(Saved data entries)
----

lemma of_nat_unit_if_coprime:
  assumes "prime p" and p: "in_pow v 1 (of_nat p)" and "coprime r p"
  shows "is_unit_O v (of_nat r)"
proof -
  obtain a b :: int where ab: "a * int r + b * int p = 1"
    using bezout_int[of "int r" "int p"] \<open>coprime r p\<close> by (auto simp: coprime_iff_gcd_eq_1 gcd_int_int_eq)
  then have bezout: "of_int a * of_nat r + of_int b * of_nat p = (1::'e)"
    by (metis of_int_1 of_int_add of_int_mult of_int_of_nat_eq)
  have "\<not> in_pow v 1 (of_nat r :: 'e)"
  proof
    assume "in_pow v 1 (of_nat r :: 'e)"
    then have "in_pow v 1 (of_int a * of_nat r + of_int b * of_nat p :: 'e)"
      using in_pow_add[OF in_pow_mult[OF in_O_of_int] in_pow_mult[OF in_O_of_int p]] by auto
    then show False using bezout not_in_pow_one[of 1] by simp
  qed
  then show ?thesis using in_O_of_nat[of r] unfolding is_unit_O_def in_pow_def by auto
qed

lemma det_in_pow:
  fixes A :: "'e mat"
  assumes A: "A \<in> carrier_mat k k"
    and entries: "\<And>i j. i < k \<Longrightarrow> j < k \<Longrightarrow> in_pow v (a i - b j) (A $$ (i,j))"
  shows "in_pow v (sum a {0..<k} - sum b {0..<k}) (det A)"
  unfolding det_def'[OF A]
proof (rule in_pow_sum)
  fix \<pi> assume "\<pi> \<in> {\<pi>. \<pi> permutes {0..<k}}"
  then have \<pi>: "\<pi> permutes {0..<k}" by simp
  have "in_pow v (\<Sum>i\<in>{0..<k}. a i - b (\<pi> i)) (\<Prod>i = 0..<k. A $$ (i, \<pi> i))"
    by (rule in_pow_prod) (use entries permutes_in_image[OF \<pi>] in auto)
  moreover have "(\<Sum>i\<in>{0..<k}. a i - b (\<pi> i)) = sum a {0..<k} - sum b {0..<k}"
    using sum.permute[OF \<pi>, of b] by (simp add: sum_subtractf comp_def)
  ultimately show "in_pow v (sum a {0..<k} - sum b {0..<k}) (signof \<pi> * (\<Prod>i = 0..<k. A $$ (i, \<pi> i)))"
    using in_pow_mult[OF in_O_of_int] by fastforce
qed

lemma converges_if_steps:
  assumes complete: "v_complete v" and steps: "\<And>k. in_pow v (j + int k) (x (Suc k) - x k)"
  shows "\<exists>L. \<forall>K. \<exists>M. \<forall>i\<ge>M. in_pow v K (x i - L)"
proof -
  have telescope: "in_pow v (j + int i) (x i' - x i)" if "i \<le> i'" for i i'
    using that
  proof (induction i')
    case (Suc i')
    show ?case
    proof (cases "i = Suc i'")
      case False
      then have "i \<le> i'" using Suc by simp
      have "x (Suc i') - x i = (x (Suc i') - x i') + (x i' - x i)" by simp
      then show ?thesis
        using in_pow_add[OF in_pow_mono[OF _ steps[of i']] Suc.IH[OF \<open>i \<le> i'\<close>]] \<open>i \<le> i'\<close> by simp
    qed simp
  qed simp
  have "\<exists>M. \<forall>i\<ge>M. \<forall>i'\<ge>M. in_pow v K (x i - x i')" for K
  proof (intro exI allI impI)
    fix i i' assume "nat (K - j) \<le> i" "nat (K - j) \<le> i'"
    then show "in_pow v K (x i - x i')"
      using telescope[of i i'] telescope[of i' i] in_pow_diff_commute
      by (cases "i \<le> i'") (auto intro: in_pow_mono[rotated])
  qed
  then show ?thesis using complete unfolding v_complete_def by blast
qed

end

locale local_conj_field = valued_field v for v :: "'e::field_char_0 \<Rightarrow> int" +
  fixes \<sigma> :: "'e \<Rightarrow> 'e" and p :: nat
  assumes conj_add: "\<sigma> (x + y) = \<sigma> x + \<sigma> y"
    and conj_mult: "\<sigma> (x * y) = \<sigma> x * \<sigma> y"
    and conj_one: "\<sigma> 1 = 1"
    and conj_conj: "\<sigma> (\<sigma> x) = x"
    and v_conj: "v (\<sigma> x) = v x"
    and complete: "v_complete v"
    and prime_p: "prime p"
    and p_gt_2: "2 < p"
    and residue_char: "in_pow v 1 (of_nat p)"
begin

lemma conj_zero [simp]: "\<sigma> 0 = 0"
  using conj_add[of 0 0] by simp

lemma conj_diff: "\<sigma> (x - y) = \<sigma> x - \<sigma> y"
  using conj_add[of "x - y" y] by simp

lemma conj_sum: "\<sigma> (sum f S) = (\<Sum>i\<in>S. \<sigma> (f i))"
  by (induction S rule: infinite_finite_induct) (auto simp: conj_add)

lemma conj_of_nat [simp]: "\<sigma> (of_nat k) = of_nat k"
  by (induction k) (auto simp: conj_add conj_one)

lemma conj_numeral [simp]: "\<sigma> (numeral k) = numeral k"
  using conj_of_nat[of "numeral k"] by simp

lemma conj_uminus: "\<sigma> (- x) = - \<sigma> x"
  using conj_add[of x "- x"] by (simp add: eq_neg_iff_add_eq_0 add.commute)

lemma conj_minus_one_power_mult: "\<sigma> ((-1) ^ k * x) = (-1) ^ k * \<sigma> x"
  by (simp add: minus_one_power_iff conj_uminus)

lemma conj_inverse: "\<sigma> (inverse x) = inverse (\<sigma> x)"
proof (cases "x = 0")
  case False
  then have "\<sigma> x * \<sigma> (inverse x) = 1" using conj_mult[of x "inverse x"] conj_one by simp
  then show ?thesis by (simp add: inverse_unique)
qed simp

lemma in_pow_conj_iff [simp]: "in_pow v j (\<sigma> x) \<longleftrightarrow> in_pow v j x"
proof -
  have "\<sigma> x = 0 \<longleftrightarrow> x = 0" by (metis conj_conj conj_zero)
  then show ?thesis unfolding in_pow_def by (simp add: v_conj)
qed

lemma two_unit: "is_unit_O v 2"
proof -
  have "\<not> p dvd 2" using p_gt_2 by (auto dest: dvd_imp_le)
  then have "coprime p 2" by (rule prime_imp_coprime[OF prime_p])
  then have "coprime 2 p" by (simp add: coprime_commute)
  then show ?thesis using of_nat_unit_if_coprime[OF prime_p residue_char, of 2] by simp
qed

lemma one_plus_unit:
  assumes "0 < j" "in_pow v j (b - 1)"
  shows "is_unit_O v (1 + b)"
proof (rule unit_if_congruent[OF two_unit])
  show "in_pow v 1 (1 + b - 2)" using in_pow_mono[of 1 j] assms by (simp add: algebra_simps)
qed

section \<open>Inverse square roots by Newton's iteration\<close>

text \<open>With \<open>\<epsilon> = c y\<^sup>2 - 1\<close> the new error is \<open>\<epsilon>\<^sup>2 (\<epsilon> - 3) / 4\<close>, so the precision doubles.\<close>

definition newton_inv_sqrt :: "'e \<Rightarrow> 'e \<Rightarrow> 'e" where
  "newton_inv_sqrt c y = y * (3 - c * y * y) * inverse 2"

lemma newton_inv_sqrt:
  assumes "in_O v c" "in_O v y" "0 \<le> j" and err: "in_pow v j (c * y * y - 1)"
  shows "in_pow v (2 * j) (c * newton_inv_sqrt c y * newton_inv_sqrt c y - 1)"
    and "in_pow v j (newton_inv_sqrt c y - y)"
proof -
  define \<epsilon> where "\<epsilon> = c * y * y - 1"
  have \<epsilon>: "in_pow v j \<epsilon>" using err by (simp add: \<epsilon>_def)
  have \<epsilon>_O: "in_O v \<epsilon>" by (rule in_pow_mono[OF \<open>0 \<le> j\<close> \<epsilon>])
  have inv2: "in_O v (inverse 2)" by (rule in_O_inverse_unit[OF two_unit])
  have inv4: "in_O v (inverse 4)"
    using in_pow_mult[OF inv2 inv2] by (simp flip: inverse_mult_distrib)
  have three: "in_O v 3" using in_O_of_nat[of 3] by simp
  have "c * newton_inv_sqrt c y * newton_inv_sqrt c y - 1 = \<epsilon> * \<epsilon> * (\<epsilon> - 3) * inverse 4"
    unfolding newton_inv_sqrt_def \<epsilon>_def by (simp add: field_simps)
  moreover have "in_pow v (j + j + 0 + 0) (\<epsilon> * \<epsilon> * (\<epsilon> - 3) * inverse 4)"
    by (intro in_pow_mult inv4 in_pow_diff \<epsilon> \<epsilon>_O three)
  ultimately show "in_pow v (2 * j) (c * newton_inv_sqrt c y * newton_inv_sqrt c y - 1)"
    by (metis add_0_right mult_2)
  have "newton_inv_sqrt c y - y = - (y * \<epsilon> * inverse 2)"
    unfolding newton_inv_sqrt_def \<epsilon>_def by (simp add: field_simps)
  moreover have "in_pow v (0 + j + 0) (y * \<epsilon> * inverse 2)"
    by (intro in_pow_mult inv2 \<open>in_O v y\<close> \<epsilon>)
  ultimately show "in_pow v j (newton_inv_sqrt c y - y)"
    by (metis add_0 add_0_right in_pow_uminus_iff)
qed

lemma conj_newton_inv_sqrt: "\<sigma> c = c \<Longrightarrow> \<sigma> y = y \<Longrightarrow> \<sigma> (newton_inv_sqrt c y) = newton_inv_sqrt c y"
  unfolding newton_inv_sqrt_def conj_mult conj_diff conj_inverse conj_numeral by simp

lemma newton_inv_sqrt_iterates:
  assumes c: "\<sigma> c = c" and c_congr: "in_pow v j (c - 1)" and "0 < j"
  shows "in_pow v (j + int k) (c * (newton_inv_sqrt c ^^ k) 1 * (newton_inv_sqrt c ^^ k) 1 - 1)
    \<and> in_pow v j ((newton_inv_sqrt c ^^ k) 1 - 1) \<and> \<sigma> ((newton_inv_sqrt c ^^ k) 1) = (newton_inv_sqrt c ^^ k) 1"
    (is "?err k \<and> ?congr k \<and> _")
proof (induction k)
  case (Suc k)
  let ?x = "(newton_inv_sqrt c ^^ k) 1"
  have c_O: "in_O v c" by (rule in_O_if_congruent_one[OF _ c_congr]) (use \<open>0 < j\<close> in simp)
  have x_O: "in_O v ?x" by (rule in_O_if_congruent_one[of j]) (use \<open>0 < j\<close> Suc in auto)
  note newton = newton_inv_sqrt[OF c_O x_O _ conjunct1[OF Suc]]
  have "?err (Suc k)" using newton(1) \<open>0 < j\<close> by (auto intro: in_pow_mono[rotated])
  moreover have "in_pow v j (newton_inv_sqrt c ?x - ?x)"
    using newton(2) in_pow_mono[of j "j + int k"] \<open>0 < j\<close> by simp
  then have "?congr (Suc k)" using in_pow_add[OF _ conjunct1[OF conjunct2[OF Suc]]] by fastforce
  ultimately show ?case using Suc c by (simp add: conj_newton_inv_sqrt)
qed (use c_congr conj_one in simp)

lemma exists_inv_sqrt:
  assumes c: "\<sigma> c = c" and c_congr: "in_pow v j (c - 1)" and "0 < j"
  shows "\<exists>\<mu>. \<sigma> \<mu> = \<mu> \<and> in_pow v j (\<mu> - 1) \<and> \<mu> * \<mu> * c = 1"
proof -
  define x where "x k = (newton_inv_sqrt c ^^ k) 1" for k
  have c_O: "in_O v c" by (rule in_O_if_congruent_one[OF _ c_congr]) (use \<open>0 < j\<close> in simp)
  have invariant: "in_pow v (j + int k) (c * x k * x k - 1) \<and> in_pow v j (x k - 1) \<and> \<sigma> (x k) = x k" for k
    unfolding x_def by (rule newton_inv_sqrt_iterates[OF assms])
  have x_O: "in_O v (x k)" for k by (rule in_O_if_congruent_one[of j]) (use \<open>0 < j\<close> invariant in auto)
  have "in_pow v (j + int k) (x (Suc k) - x k)" for k
    using newton_inv_sqrt(2)[OF c_O x_O _ conjunct1[OF invariant]] \<open>0 < j\<close> by (simp add: x_def)
  then obtain L where L: "\<And>K. \<exists>M. \<forall>i\<ge>M. in_pow v K (x i - L)"
    using converges_if_steps[OF complete] by blast
  have approx: "\<exists>i. in_pow v K (x i - L) \<and> in_pow v K (c * x i * x i - 1)" for K
  proof -
    obtain M where "\<forall>i\<ge>M. in_pow v K (x i - L)" using L by blast
    moreover have "K \<le> j + int (max M (nat K))" using \<open>0 < j\<close> by (auto simp: max_def)
    then have "in_pow v K (c * x (max M (nat K)) * x (max M (nat K)) - 1)"
      using in_pow_mono conjunct1[OF invariant] by blast
    ultimately show ?thesis by (intro exI[of _ "max M (nat K)"]) simp
  qed
  obtain i\<^sub>0 where "in_O v (x i\<^sub>0 - L)" using approx by blast
  then have L_O: "in_O v L" using in_pow_diff[OF x_O[of i\<^sub>0]] by fastforce
  have "c * L * L - 1 = 0"
  proof (rule in_pow_all_imp_zero)
    fix K
    obtain i where i: "in_pow v K (x i - L)" "in_pow v K (c * x i * x i - 1)" using approx by blast
    have "in_pow v (0 + K + 0) (c * (x i - L) * (L + x i))"
      by (intro in_pow_mult c_O i in_pow_add L_O x_O)
    then have "in_pow v K ((c * x i * x i - 1) - c * (x i - L) * (L + x i))"
      using in_pow_diff[OF i(2)] by simp
    moreover have "(c * x i * x i - 1) - c * (x i - L) * (L + x i) = c * L * L - 1"
      by (simp add: algebra_simps)
    ultimately show "in_pow v K (c * L * L - 1)" by simp
  qed
  moreover have "\<sigma> L - L = 0"
  proof (rule in_pow_all_imp_zero)
    fix K
    obtain i where "in_pow v K (x i - L)" using approx by blast
    then have "in_pow v K ((x i - L) - \<sigma> (x i - L))" by (simp add: in_pow_diff)
    moreover have "(x i - L) - \<sigma> (x i - L) = \<sigma> L - L" using invariant[of i] by (simp add: conj_diff)
    ultimately show "in_pow v K (\<sigma> L - L)" by simp
  qed
  moreover have "in_pow v j (L - 1)"
  proof -
    obtain i where "in_pow v j (x i - L)" using approx by blast
    then show ?thesis using in_pow_diff[OF conjunct1[OF conjunct2[OF invariant[of i]]]] by fastforce
  qed
  ultimately show ?thesis by (intro exI[of _ L]) (simp add: algebra_simps)
qed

----

▶ Exercise directions: A word-for-word copy of the entries, from the first line through the line containing "using sum.permute[OF \<pi>, of", is the whole answer.

▶ Task solution:
lemma of_nat_unit_if_coprime:
  assumes "prime p" and p: "in_pow v 1 (of_nat p)" and "coprime r p"
  shows "is_unit_O v (of_nat r)"
proof -
  obtain a b :: int where ab: "a * int r + b * int p = 1"
    using bezout_int[of "int r" "int p"] \<open>coprime r p\<close> by (auto simp: coprime_iff_gcd_eq_1 gcd_int_int_eq)
  then have bezout: "of_int a * of_nat r + of_int b * of_nat p = (1::'e)"
    by (metis of_int_1 of_int_add of_int_mult of_int_of_nat_eq)
  have "\<not> in_pow v 1 (of_nat r :: 'e)"
  proof
    assume "in_pow v 1 (of_nat r :: 'e)"
    then have "in_pow v 1 (of_int a * of_nat r + of_int b * of_nat p :: 'e)"
      using in_pow_add[OF in_pow_mult[OF in_O_of_int] in_pow_mult[OF in_O_of_int p]] by auto
    then show False using bezout not_in_pow_one[of 1] by simp
  qed
  then show ?thesis using in_O_of_nat[of r] unfolding is_unit_O_def in_pow_def by auto
qed

lemma det_in_pow:
  fixes A :: "'e mat"
  assumes A: "A \<in> carrier_mat k k"
    and entries: "\<And>i j. i < k \<Longrightarrow> j < k \<Longrightarrow> in_pow v (a i - b j) (A $$ (i,j))"
  shows "in_pow v (sum a {0..<k} - sum b {0..<k}) (det A)"
  unfolding det_def'[OF A]
proof (rule in_pow_sum)
  fix \<pi> assume "\<pi> \<in> {\<pi>. \<pi> permutes {0..<k}}"
  then have \<pi>: "\<pi> permutes {0..<k}" by simp
  have "in_pow v (\<Sum>i\<in>{0..<k}. a i - b (\<pi> i)) (\<Prod>i = 0..<k. A $$ (i, \<pi> i))"
    by (rule in_pow_prod) (use entries permutes_in_image[OF \<pi>] in auto)
  moreover have "(\<Sum>i\<in>{0..<k}. a i - b (\<pi> i)) = sum a {0..<k} - sum b {0..<k}"
    using sum.permute[OF \<pi>, of b] by (simp add: sum_subtractf comp_def)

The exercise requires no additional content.